DAILY REAL ESTATE NEWS | MONDAY, DECEMBER 09, 2013 Harvard’s Joint Center for Housing Studies released its biennial housing report today, offering predictions for the U.S. rental market in the next two years. While the study finds that growth in demand for multifamily housing will slow its pace within the next few years, demographic forces alone will mean an increase of between 4 million and 4.7 million renters over the next decade. The report gives voice to some anxiety about possible overbuilding, noting that long development periods in multifamily housing make it harder to determine the actual volume of new multifamily housing coming onto the market. The study also finds that “vacancy rates do appear to be bottoming out and rent increases are slowing in many markets, suggesting that supply and demand are moving into balance.” Still, there are two areas where rental availability is far lower than demand: Low-income rentals and affordable senior housing. The report notes that the “growing number of seniors on fixed incomes is likely to outstrip the limited supply of affordable rentals. With the number of families with children also on the rise, demand for larger rental units will increase as well, particularly in communities with access to good schools and employment centers.” Yet while demand is growing, so too are rents, putting further pressure on these groups. For the first time, more than half of all U.S. renters spend more than 30 percent of their income on rent. Between the year 2000 and 2012, real median rents (adjusted for inflation) increased by 6 percent across the country. During the same period, the real median income of renters dropped by 13 percent. The report also says that the private market is struggling to keep up with the growth in demand in this demographic.

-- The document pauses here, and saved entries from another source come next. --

lemma hypersimplex_prolongation:
  assumes y: "y \<in> hypersimplex k" and z: "\<forall>i\<in>S. 0 < lift k z i \<and> lift k z i < 1"
    and agree: "\<forall>i. i \<notin> S \<longrightarrow> lift k y i = lift k z i"
  obtains e where "0 < e" "(1 + e) *\<^sub>R z - e *\<^sub>R y \<in> hypersimplex k"
proof
  define e where "e = Min (insert 1 ((\<lambda>i. min (lift k z i) (1 - lift k z i)) ` S))"
  have e_le: "e \<le> lift k z i" "e \<le> 1 - lift k z i" if "i \<in> S" for i
    using Min_le[of _ "min (lift k z i) (1 - lift k z i)"] that unfolding e_def by fastforce+
  show "0 < e"
    using z by (auto simp: e_def Min_gr_iff)
  have lift_w: "lift k ((1 + e) *\<^sub>R z - e *\<^sub>R y) i = lift k z i + e * (lift k z i - lift k y i)" for i
    using lift_affine[of "1 + e" "- e" k z y i] by (simp add: algebra_simps)
  show "(1 + e) *\<^sub>R z - e *\<^sub>R y \<in> hypersimplex k"
    unfolding hypersimplex_lift mem_Collect_eq
  proof
    fix i
    have y01: "0 \<le> lift k y i" "lift k y i \<le> 1"
      using y by (auto simp: hypersimplex_lift)
    show "0 \<le> lift k ((1 + e) *\<^sub>R z - e *\<^sub>R y) i \<and> lift k ((1 + e) *\<^sub>R z - e *\<^sub>R y) i \<le> 1"
    proof (cases "i \<in> S")
      case True
      then have "e \<le> lift k z i" "e \<le> 1 - lift k z i" "0 < lift k z i" "0 < e"
        using e_le z \<open>0 < e\<close> by auto
      moreover have "e * lift k y i \<le> e" "e * lift k z i \<le> e" "0 \<le> e * lift k z i" "0 \<le> e * lift k y i"
        using y01 calculation by (auto intro: mult_left_le)
      ultimately show ?thesis
        using lift_w[of i] by (simp only: right_diff_distrib) linarith
    next
      case False
      then show ?thesis
        using lift_w[of i] y01 agree by simp
    qed
  qed
qed

section \<open>Faces of the hypersimplex in lifted coordinates\<close>

definition coord_flat :: "nat \<Rightarrow> 'n option set \<Rightarrow> 'n option set \<Rightarrow> (real^'n) set" where
  "coord_flat k S W =
     {x. (\<forall>i. i \<notin> S \<longrightarrow> i \<notin> W \<longrightarrow> lift k x i = 0) \<and> (\<forall>i\<in>W. lift k x i = 1)}"

definition coord_face :: "nat \<Rightarrow> 'n option set \<Rightarrow> 'n option set \<Rightarrow> (real^'n) set" where
  "coord_face k S W = hypersimplex k \<inter> coord_flat k S W"

definition free_coords :: "nat \<Rightarrow> (real^'n) set \<Rightarrow> 'n option set" where
  "free_coords k C = {i. (\<exists>x\<in>C. lift k x i \<noteq> 0) \<and> (\<exists>x\<in>C. lift k x i \<noteq> 1)}"

definition one_coords :: "nat \<Rightarrow> (real^'n) set \<Rightarrow> 'n option set" where
  "one_coords k C = {i. \<forall>x\<in>C. lift k x i = 1}"

lemma affine_coord_flat: "affine (coord_flat k S W)"
  unfolding affine_def coord_flat_def by (auto simp: lift_affine)

lemma coord_face_face_of: "coord_face k S W face_of hypersimplex k"
  unfolding face_of_def
proof (intro conjI ballI impI)
  show "coord_face k S W \<subseteq> hypersimplex k"
    by (simp add: coord_face_def)
  show "convex (coord_face k S W)"
    unfolding coord_face_def
    by (intro convex_Int convex_hypersimplex affine_imp_convex affine_coord_flat)
next
  fix a b x
  assume a: "a \<in> hypersimplex k" and b: "b \<in> hypersimplex k"
    and x: "x \<in> coord_face k S W" and seg: "x \<in> open_segment a b"
  obtain u where u: "0 < u" "u < 1" "x = (1 - u) *\<^sub>R a + u *\<^sub>R b"
    using seg by (auto simp: in_segment)
  have lift_x: "lift k x i = (1 - u) * lift k a i + u * lift k b i" for i
    using u(3) lift_affine[of "1 - u" u k a b i] by simp
  have bounds: "0 \<le> lift k a i" "lift k a i \<le> 1" "0 \<le> lift k b i" "lift k b i \<le> 1" for i
    using a b by (auto simp: hypersimplex_lift)
  have "lift k a i = 0 \<and> lift k b i = 0" if "lift k x i = 0" for i
    using strict_convex_comb_eq_0[OF u(1,2), of "lift k a i" "lift k b i"] that lift_x[of i] bounds[of i]
    by simp
  moreover have "lift k a i = 1 \<and> lift k b i = 1" if "lift k x i = 1" for i
    using strict_convex_comb_eq_0[OF u(1,2), of "1 - lift k a i" "1 - lift k b i"] that lift_x[of i] bounds[of i]
    by (simp add: algebra_simps)
  ultimately show "a \<in> coord_face k S W" "b \<in> coord_face k S W"
    using a b x by (auto simp: coord_face_def coord_flat_def)
qed

lemma exists_point_strictly_inside_on:
  assumes C: "convex C" "C \<subseteq> hypersimplex k" "C \<noteq> {}" and U: "finite U"
    and single: "\<forall>i\<in>U. \<exists>w\<in>C. 0 < lift k w i \<and> lift k w i < 1"
  shows "\<exists>z\<in>C. \<forall>i\<in>U. 0 < lift k z i \<and> lift k z i < 1"
  using U single
proof (induction U rule: finite_induct)
  case empty
  then show ?case using C(3) by auto
next
  case (insert i U)
  obtain z where z: "z \<in> C" "\<forall>l\<in>U. 0 < lift k z l \<and> lift k z l < 1"
    using insert.IH insert.prems by blast
  obtain w where w: "w \<in> C" "0 < lift k w i" "lift k w i < 1"
    using insert.prems by blast
  have bounds: "0 \<le> lift k x l \<and> lift k x l \<le> 1" if "x \<in> C" for x l
    using that C(2) by (auto simp: hypersimplex_lift)
  have "0 < lift k (midpoint z w) l \<and> lift k (midpoint z w) l < 1" if "l \<in> insert i U" for l
  proof -
    \<comment> \<open>a coordinate of the midpoint lies strictly inside (0,1) as soon as one of the two does,
      since both lie in [0,1]\<close>
    have "(0 < lift k z l \<and> lift k z l < 1) \<or> (0 < lift k w l \<and> lift k w l < 1)"
      using that z(2) w by auto
    then show ?thesis
      using bounds[OF z(1), of l] bounds[OF w(1), of l] by (auto simp: lift_midpoint)
  qed
  moreover have "midpoint z w \<in> C"
    using C(1) z(1) w(1) by (meson convex_contains_segment midpoint_in_closed_segment subsetD)
  ultimately show ?case by blast
qed

lemma exists_point_strictly_inside:
  assumes C: "convex C" "C \<subseteq> hypersimplex k" "C \<noteq> {}"
  shows "\<exists>z\<in>C. \<forall>i\<in>free_coords k C. 0 < lift k z i \<and> lift k z i < 1"
proof (rule exists_point_strictly_inside_on[OF C finite], intro ballI)
  fix i assume "i \<in> free_coords k C"
  then obtain p q where pq: "p \<in> C" "q \<in> C" "lift k p i \<noteq> 0" "lift k q i \<noteq> 1"
    unfolding free_coords_def by blast
  then have "0 \<le> lift k p i" "lift k p i \<le> 1" "0 \<le> lift k q i" "lift k q i \<le> 1"
    using C(2) by (auto simp: hypersimplex_lift)
  then have "0 < lift k (midpoint p q) i \<and> lift k (midpoint p q) i < 1"
    using pq by (auto simp: lift_midpoint)
  moreover have "midpoint p q \<in> C"
    using C(1) pq(1,2) by (meson convex_contains_segment midpoint_in_closed_segment subsetD)
  ultimately show "\<exists>w\<in>C. 0 < lift k w i \<and> lift k w i < 1" by blast
qed

lemma face_of_hypersimplex_eq_coord_face:
  assumes F: "F face_of hypersimplex k" and ne: "F \<noteq> {}"
  shows "F = coord_face k (free_coords k F) (one_coords k F)"
proof
  have sub: "F \<subseteq> hypersimplex k" and cvx: "convex F"
    using F by (auto simp: face_of_def)
  show "F \<subseteq> coord_face k (free_coords k F) (one_coords k F)"
    using sub by (auto simp: coord_face_def coord_flat_def free_coords_def one_coords_def)
  obtain z where z: "z \<in> F" "\<forall>i\<in>free_coords k F. 0 < lift k z i \<and> lift k z i < 1"
    using exists_point_strictly_inside[OF cvx sub ne] by blast
  show "coord_face k (free_coords k F) (one_coords k F) \<subseteq> F"
  proof
    fix y assume y: "y \<in> coord_face k (free_coords k F) (one_coords k F)"
    then have yH: "y \<in> hypersimplex k"
      by (simp add: coord_face_def)
    have "lift k y i = lift k z i" if "i \<notin> free_coords k F" for i
      using that y z(1) by (cases "i \<in> one_coords k F")
        (auto simp: coord_face_def coord_flat_def free_coords_def one_coords_def)
    then obtain e where "0 < e" "(1 + e) *\<^sub>R z - e *\<^sub>R y \<in> hypersimplex k"
      using hypersimplex_prolongation[OF yH z(2)] by blast
    then show "y \<in> F"
      by (rule face_of_prolongation[OF F z(1) yH])
  qed
qed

The study’s authors note that the deficiency in low-income rental options is growing faster than it has in previous years. “The shortfall in the number of units affordable to extremely low-income renters in the U.S. more than doubled from 1.9 million in 2001 to 4.9 million in 2011. The situation just keeps getting worse,” says Chris Herbert, Research Director at the Harvard Joint Center for Housing Studies. “For many low-income families, the rental housing affordability crisis is like a game of musical chairs in which there is never a chair left for them.”